## [Your instructions]
Every line that contains the word "degB" is to be copied from the listing.

## [Given data]

»»

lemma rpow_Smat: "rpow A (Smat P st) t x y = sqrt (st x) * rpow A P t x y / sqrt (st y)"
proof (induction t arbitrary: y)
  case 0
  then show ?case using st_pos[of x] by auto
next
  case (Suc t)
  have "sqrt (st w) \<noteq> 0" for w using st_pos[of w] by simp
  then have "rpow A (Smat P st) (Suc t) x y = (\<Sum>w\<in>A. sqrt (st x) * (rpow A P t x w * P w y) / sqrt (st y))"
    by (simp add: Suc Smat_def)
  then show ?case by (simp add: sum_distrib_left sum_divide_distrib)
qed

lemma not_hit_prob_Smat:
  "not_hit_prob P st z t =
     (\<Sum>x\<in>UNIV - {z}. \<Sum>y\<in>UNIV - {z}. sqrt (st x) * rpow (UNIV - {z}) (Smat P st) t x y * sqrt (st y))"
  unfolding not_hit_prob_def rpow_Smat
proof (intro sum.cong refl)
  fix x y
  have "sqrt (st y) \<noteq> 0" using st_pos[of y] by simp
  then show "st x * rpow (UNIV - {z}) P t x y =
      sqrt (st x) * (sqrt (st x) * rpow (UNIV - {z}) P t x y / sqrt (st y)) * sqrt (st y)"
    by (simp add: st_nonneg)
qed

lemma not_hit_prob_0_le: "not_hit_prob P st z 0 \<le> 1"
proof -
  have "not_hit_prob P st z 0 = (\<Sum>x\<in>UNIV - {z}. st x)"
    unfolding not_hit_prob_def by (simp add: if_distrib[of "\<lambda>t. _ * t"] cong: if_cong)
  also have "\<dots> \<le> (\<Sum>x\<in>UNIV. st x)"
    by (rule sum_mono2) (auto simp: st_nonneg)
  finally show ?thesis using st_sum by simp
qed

««
»»

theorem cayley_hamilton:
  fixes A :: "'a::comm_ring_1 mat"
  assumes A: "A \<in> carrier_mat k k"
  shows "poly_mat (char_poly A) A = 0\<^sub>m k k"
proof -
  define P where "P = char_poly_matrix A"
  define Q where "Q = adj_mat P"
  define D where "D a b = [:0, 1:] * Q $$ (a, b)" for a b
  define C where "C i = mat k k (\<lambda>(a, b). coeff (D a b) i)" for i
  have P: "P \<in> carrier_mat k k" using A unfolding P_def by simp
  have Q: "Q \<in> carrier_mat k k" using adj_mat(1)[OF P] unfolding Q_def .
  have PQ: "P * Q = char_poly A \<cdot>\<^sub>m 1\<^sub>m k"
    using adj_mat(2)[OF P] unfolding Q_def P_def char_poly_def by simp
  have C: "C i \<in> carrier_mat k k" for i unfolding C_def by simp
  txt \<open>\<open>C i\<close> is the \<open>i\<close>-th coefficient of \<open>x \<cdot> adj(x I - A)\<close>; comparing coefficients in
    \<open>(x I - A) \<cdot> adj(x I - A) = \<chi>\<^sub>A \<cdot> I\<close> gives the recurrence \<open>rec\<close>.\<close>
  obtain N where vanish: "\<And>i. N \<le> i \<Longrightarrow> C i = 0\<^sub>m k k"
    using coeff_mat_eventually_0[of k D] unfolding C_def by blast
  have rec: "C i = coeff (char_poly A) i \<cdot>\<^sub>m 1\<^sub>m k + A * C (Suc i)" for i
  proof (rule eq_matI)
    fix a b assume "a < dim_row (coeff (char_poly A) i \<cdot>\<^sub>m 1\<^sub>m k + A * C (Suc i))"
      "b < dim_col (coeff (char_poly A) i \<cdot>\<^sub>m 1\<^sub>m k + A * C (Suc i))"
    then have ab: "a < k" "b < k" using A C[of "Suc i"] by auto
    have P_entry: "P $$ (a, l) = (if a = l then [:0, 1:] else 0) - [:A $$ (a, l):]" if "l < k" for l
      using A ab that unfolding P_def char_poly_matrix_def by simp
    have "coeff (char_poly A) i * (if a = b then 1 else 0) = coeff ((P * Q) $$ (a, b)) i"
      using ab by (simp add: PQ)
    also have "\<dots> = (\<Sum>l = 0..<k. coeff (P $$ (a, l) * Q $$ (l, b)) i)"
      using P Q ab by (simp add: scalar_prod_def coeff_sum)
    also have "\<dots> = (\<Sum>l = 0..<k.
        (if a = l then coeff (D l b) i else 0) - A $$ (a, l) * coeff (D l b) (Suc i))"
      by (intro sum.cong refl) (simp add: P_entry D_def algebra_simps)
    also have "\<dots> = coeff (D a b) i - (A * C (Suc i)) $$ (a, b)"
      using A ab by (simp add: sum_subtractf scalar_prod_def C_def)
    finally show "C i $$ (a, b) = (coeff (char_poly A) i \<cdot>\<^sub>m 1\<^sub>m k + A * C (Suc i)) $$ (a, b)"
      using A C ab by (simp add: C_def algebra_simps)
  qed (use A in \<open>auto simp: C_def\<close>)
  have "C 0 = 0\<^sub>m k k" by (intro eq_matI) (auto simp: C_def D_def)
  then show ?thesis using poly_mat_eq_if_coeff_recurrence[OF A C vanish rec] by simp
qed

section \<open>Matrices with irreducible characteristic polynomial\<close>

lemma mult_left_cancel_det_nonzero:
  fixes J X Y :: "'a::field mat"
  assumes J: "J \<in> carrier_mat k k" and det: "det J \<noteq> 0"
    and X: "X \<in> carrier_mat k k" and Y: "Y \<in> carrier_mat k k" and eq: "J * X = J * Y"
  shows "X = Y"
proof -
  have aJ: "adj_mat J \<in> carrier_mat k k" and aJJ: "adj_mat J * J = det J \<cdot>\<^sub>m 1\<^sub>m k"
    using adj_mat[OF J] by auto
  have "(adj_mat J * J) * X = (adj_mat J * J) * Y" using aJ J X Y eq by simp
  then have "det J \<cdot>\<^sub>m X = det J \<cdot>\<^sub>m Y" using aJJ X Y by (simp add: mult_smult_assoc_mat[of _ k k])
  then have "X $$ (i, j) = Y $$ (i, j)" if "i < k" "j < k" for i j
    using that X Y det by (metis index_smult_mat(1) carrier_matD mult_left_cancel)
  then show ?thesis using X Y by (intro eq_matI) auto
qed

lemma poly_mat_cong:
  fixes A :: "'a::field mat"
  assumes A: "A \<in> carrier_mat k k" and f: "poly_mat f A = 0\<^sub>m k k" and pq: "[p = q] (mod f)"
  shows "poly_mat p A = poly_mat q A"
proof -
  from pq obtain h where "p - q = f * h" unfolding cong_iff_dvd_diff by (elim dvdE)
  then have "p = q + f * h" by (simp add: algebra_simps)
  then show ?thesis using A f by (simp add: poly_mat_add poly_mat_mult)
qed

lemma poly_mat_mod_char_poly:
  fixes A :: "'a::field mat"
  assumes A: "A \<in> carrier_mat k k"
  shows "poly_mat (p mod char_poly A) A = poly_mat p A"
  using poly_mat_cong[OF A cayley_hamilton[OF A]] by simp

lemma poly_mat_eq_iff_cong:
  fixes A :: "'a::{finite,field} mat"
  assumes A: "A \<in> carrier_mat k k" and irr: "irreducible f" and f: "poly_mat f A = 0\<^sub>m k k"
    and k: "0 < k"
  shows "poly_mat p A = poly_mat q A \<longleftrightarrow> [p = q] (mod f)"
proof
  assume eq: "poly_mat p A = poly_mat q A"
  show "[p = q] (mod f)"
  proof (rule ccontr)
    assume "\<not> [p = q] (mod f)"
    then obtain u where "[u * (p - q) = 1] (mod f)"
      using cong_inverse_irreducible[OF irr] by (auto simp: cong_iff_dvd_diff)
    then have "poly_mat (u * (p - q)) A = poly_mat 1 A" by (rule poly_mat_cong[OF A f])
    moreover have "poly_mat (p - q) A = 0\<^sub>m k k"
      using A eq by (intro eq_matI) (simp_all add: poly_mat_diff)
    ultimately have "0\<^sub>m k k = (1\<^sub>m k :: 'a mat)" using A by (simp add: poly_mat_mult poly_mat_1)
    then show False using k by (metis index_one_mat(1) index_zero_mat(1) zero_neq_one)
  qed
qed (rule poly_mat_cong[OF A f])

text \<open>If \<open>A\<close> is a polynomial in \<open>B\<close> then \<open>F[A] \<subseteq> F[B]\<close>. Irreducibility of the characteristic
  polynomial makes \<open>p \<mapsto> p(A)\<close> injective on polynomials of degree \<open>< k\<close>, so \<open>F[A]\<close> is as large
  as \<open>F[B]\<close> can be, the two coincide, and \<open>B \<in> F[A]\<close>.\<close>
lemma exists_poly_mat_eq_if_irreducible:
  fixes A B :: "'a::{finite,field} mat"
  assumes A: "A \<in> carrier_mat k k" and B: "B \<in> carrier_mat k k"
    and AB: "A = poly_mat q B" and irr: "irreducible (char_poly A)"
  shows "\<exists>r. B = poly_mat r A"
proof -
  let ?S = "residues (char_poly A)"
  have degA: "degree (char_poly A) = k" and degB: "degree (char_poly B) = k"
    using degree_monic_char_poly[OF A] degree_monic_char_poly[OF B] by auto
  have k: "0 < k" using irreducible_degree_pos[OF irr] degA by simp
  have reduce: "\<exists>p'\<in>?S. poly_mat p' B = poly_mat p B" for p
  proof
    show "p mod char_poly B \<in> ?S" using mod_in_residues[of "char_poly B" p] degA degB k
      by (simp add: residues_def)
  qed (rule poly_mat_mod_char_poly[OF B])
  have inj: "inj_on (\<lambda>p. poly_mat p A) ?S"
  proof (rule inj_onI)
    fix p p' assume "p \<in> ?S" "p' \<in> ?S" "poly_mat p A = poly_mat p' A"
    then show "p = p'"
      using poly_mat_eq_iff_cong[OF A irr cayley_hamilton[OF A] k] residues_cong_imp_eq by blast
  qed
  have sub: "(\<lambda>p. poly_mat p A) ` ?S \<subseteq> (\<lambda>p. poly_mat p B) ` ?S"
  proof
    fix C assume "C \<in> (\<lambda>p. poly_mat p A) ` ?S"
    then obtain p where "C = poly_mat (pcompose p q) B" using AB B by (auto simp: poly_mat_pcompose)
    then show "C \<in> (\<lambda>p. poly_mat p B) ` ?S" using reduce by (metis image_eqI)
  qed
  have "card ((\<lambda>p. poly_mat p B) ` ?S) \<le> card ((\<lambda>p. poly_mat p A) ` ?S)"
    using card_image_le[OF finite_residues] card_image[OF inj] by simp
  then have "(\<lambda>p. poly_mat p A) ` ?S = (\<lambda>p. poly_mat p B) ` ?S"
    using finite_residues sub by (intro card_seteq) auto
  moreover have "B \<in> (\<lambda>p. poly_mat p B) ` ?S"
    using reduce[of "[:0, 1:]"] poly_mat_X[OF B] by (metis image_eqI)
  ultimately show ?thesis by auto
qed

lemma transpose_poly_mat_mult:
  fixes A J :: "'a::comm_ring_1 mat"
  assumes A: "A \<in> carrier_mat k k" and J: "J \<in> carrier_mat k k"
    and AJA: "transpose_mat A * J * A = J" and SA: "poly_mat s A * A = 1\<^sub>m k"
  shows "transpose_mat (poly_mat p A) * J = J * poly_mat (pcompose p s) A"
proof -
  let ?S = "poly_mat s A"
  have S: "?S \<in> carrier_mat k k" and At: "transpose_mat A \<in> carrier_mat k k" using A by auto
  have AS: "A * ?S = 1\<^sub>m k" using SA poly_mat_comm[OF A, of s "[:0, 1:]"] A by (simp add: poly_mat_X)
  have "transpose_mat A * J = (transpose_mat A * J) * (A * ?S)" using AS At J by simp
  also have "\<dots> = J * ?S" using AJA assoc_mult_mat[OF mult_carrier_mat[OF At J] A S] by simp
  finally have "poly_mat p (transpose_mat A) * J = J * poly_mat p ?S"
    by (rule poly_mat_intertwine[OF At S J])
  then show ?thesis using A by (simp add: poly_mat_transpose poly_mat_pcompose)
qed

««

## [Completed exercise]
  have degA: "degree (char_poly A) = k" and degB: "degree (char_poly B) = k"
    show "p mod char_poly B \<in> ?S" using mod_in_residues[of "char_poly B" p] degA degB k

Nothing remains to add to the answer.